At that point, I would not fancy competing in the job market with those machines. I think those machines will be able to do most of the things that we do for money, and that could be a really good thing. Because a world in which machines do all the jobs, could be a world in which everything that we need for a very good standard of living is made by the machines, virtually for free. There will be some residual costs because raw materials always cost something. And there will be some things where humans can’t be replaced, so there will be some residual costs. But we can have the economy of abundance. And in an economy of abundance, humans can do whatever we want to do.

«We can explore and learn and play, and have fun, and learn languages and socialize. We can have a second Renaissance»

We can explore and learn and play, and have fun, and learn languages and socialize. We can have a second Renaissance. And I’m very excited about that. I’d like that to happen in my lifetime if possible. But of course, the transition from here to there is the tricky bit. Because you need a very efficient, just and acceptable way of distributing income to everybody.
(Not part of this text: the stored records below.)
(* Let $f\colon\mathbb{R}^n\to\mathbb{R}$ be convex and differentiable with $\|\nabla f(x)-\nabla f(y)\|\le L\|x-y\|$ for all $x,y\in\mathbb{R}^n$ (Euclidean norm, $L>0$), and assume $f$ has a minimizer $x_\star$; write $f_\star=f(x_\star)$. Let $\{\theta_k\}_{k=0}^\infty$ be a positive sequence with $\theta_0=1$ and $0\le\theta_{k+1}^2-\theta_{k+1}\le\theta_k^2$ for $k=0,1,\dots$. Given $x_0\in\mathbb{R}^n$, let $y_0=x_0$ and for $k=0,1,\dots$ \[ y_{k+1}=x_k-\tfrac1L\nabla f(x_k),\qquad x_{k+1}=y_{k+1}+\frac{\theta_k-1}{\theta_{k+1}}(y_{k+1}-y_k)+\frac{\theta_k}{\theta_{k+1}}(y_{k+1}-x_k). \] Then for $k=1,2,\dots$, \[ f(y_k)-f_\star\le\frac{L\|x_0-x_\star\|^2}{4\theta_{k-1}^2}. \]
   Context: This iteration is the optimized gradient method (OGM). $\|\cdot\|$ denotes the Euclidean norm. *)

theory Defs
  imports "HOL-Analysis.Analysis"
begin

end

theory Submission
  imports Defs "HOL-Analysis.Analysis"
begin

(* With z_k = theta_k x_k - (theta_k - 1) y_k the method reads
   z_(k+1) = z_k - (2 theta_k / L) grad f(x_k), and the gradient step u+ = u - grad f(u) / L
   lands below step_bound u = f(u) - |grad f(u)|^2 / (2L). The interpolation inequality for
   L-smooth convex functions gives step_bound u - step_bound v <= <grad f(u), u+ - v+>.
   Weighting two instances of it by theta_(k+1)^2 - theta_(k+1) <= theta_k^2 and by theta_(k+1)
   shows that the potential (4 theta_k^2 / L) (step_bound x_k - f_star) + |z_(k+1) - x_star|^2
   never increases; it starts below |x_0 - x_star|^2, and f(y_(k+1)) <= step_bound x_k. *)

lemma lipschitz_gradient_upper_bound:
  fixes \<phi> :: "'a::real_inner \<Rightarrow> real" and G :: "'a \<Rightarrow> 'a"
  assumes deriv: "\<And>z. (\<phi> has_derivative (\<lambda>h. G z \<bullet> h)) (at z)"
    and lip: "\<And>u v. norm (G u - G v) \<le> L * norm (u - v)"
  shows "\<phi> v \<le> \<phi> u + G u \<bullet> (v - u) + L / 2 * (norm (v - u))\<^sup>2"
proof -
  define e where "e = v - u"
  define h where "h t = \<phi> (u + t *\<^sub>R e) - t * (G u \<bullet> e) - L / 2 * t\<^sup>2 * (norm e)\<^sup>2" for t
  have h_deriv: "(h has_real_derivative (G (u + t *\<^sub>R e) \<bullet> e - G u \<bullet> e - L * t * (norm e)\<^sup>2)) (at t)"
    for t
  proof -
    have "((\<lambda>t. u + t *\<^sub>R e) has_derivative (\<lambda>s. s *\<^sub>R e)) (at t)"
      by (auto intro!: derivative_eq_intros)
    then have "((\<lambda>t. \<phi> (u + t *\<^sub>R e)) has_derivative (\<lambda>s. G (u + t *\<^sub>R e) \<bullet> (s *\<^sub>R e))) (at t)"
      using has_derivative_compose deriv by blast
    then have chain: "((\<lambda>t. \<phi> (u + t *\<^sub>R e)) has_real_derivative (G (u + t *\<^sub>R e) \<bullet> e)) (at t)"
      by (simp add: has_field_derivative_def mult_commute_abs)
    show ?thesis
      unfolding h_def by (rule derivative_eq_intros chain | simp)+
  qed
  have "h 1 \<le> h 0"
  proof (rule DERIV_nonpos_imp_nonincreasing[of 0 1 h])
    fix t :: real
    assume "0 \<le> t" "t \<le> 1"
    have "G (u + t *\<^sub>R e) \<bullet> e - G u \<bullet> e \<le> norm (G (u + t *\<^sub>R e) - G u) * norm e"
      by (metis inner_diff_left norm_cauchy_schwarz)
    also have "\<dots> \<le> L * norm (t *\<^sub>R e) * norm e"
      using lip[of "u + t *\<^sub>R e" u] by (simp add: mult_right_mono)
    also have "\<dots> = L * t * (norm e)\<^sup>2"
      using \<open>0 \<le> t\<close> by (simp add: power2_eq_square)
    finally have "G (u + t *\<^sub>R e) \<bullet> e - G u \<bullet> e - L * t * (norm e)\<^sup>2 \<le> 0"
      by simp
    with h_deriv show "\<exists>d. DERIV h t :> d \<and> d \<le> 0"
      by blast
  qed simp
  then show ?thesis
    unfolding h_def e_def by simp
qed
There will be all this wealth being created by machines. Who will own those machines? Probably rich people and governments. And how will that wealth be shared out to everybody? That is a good question and we haven’t yet sorted out the answer to that. I think when we get to abundance, the cost of everything will be very low, and therefore you could tax rich people and governments, without it being onerous to them.

So, in theory, it should be possible to have everybody have a great standard of living without having lots of social disruption. But getting from here to there, that is a challenging task. What worries me is that most people are either not thinking about this at all (that’s probably 99% of people) and of the remaining 1%, most of them think it won’t happen. Or at least it won’t happen in a timeline that is worth thinking about.

I think we need to be thinking about it and have some ideas for how to handle it. Now.

But, in 10 years’ time, when self-driving vehicles are starting to become common on our streets and when you can start to have a really quite interesting conversation with Alexa, Siri, Microsoft Cortana or Google Assistant things will change. When we all sense these machines becoming more and more powerful, faster and faster (because it will accelerate), it’s very likely that people will think “Oh, technological unemployment is coming. And it’s coming in the not too distant future.

What’s the plan?” And they will turn to their leaders and say: “What’s the plan?” And the leaders will go: “We don’t know!”. That’s dangerous. That could lead to a panic and we need to avoid that. So I think although it probably is quite a long way in the future, that will get technological unemployment, I think we need to be thinking about it and have some ideas for how to handle it. Now.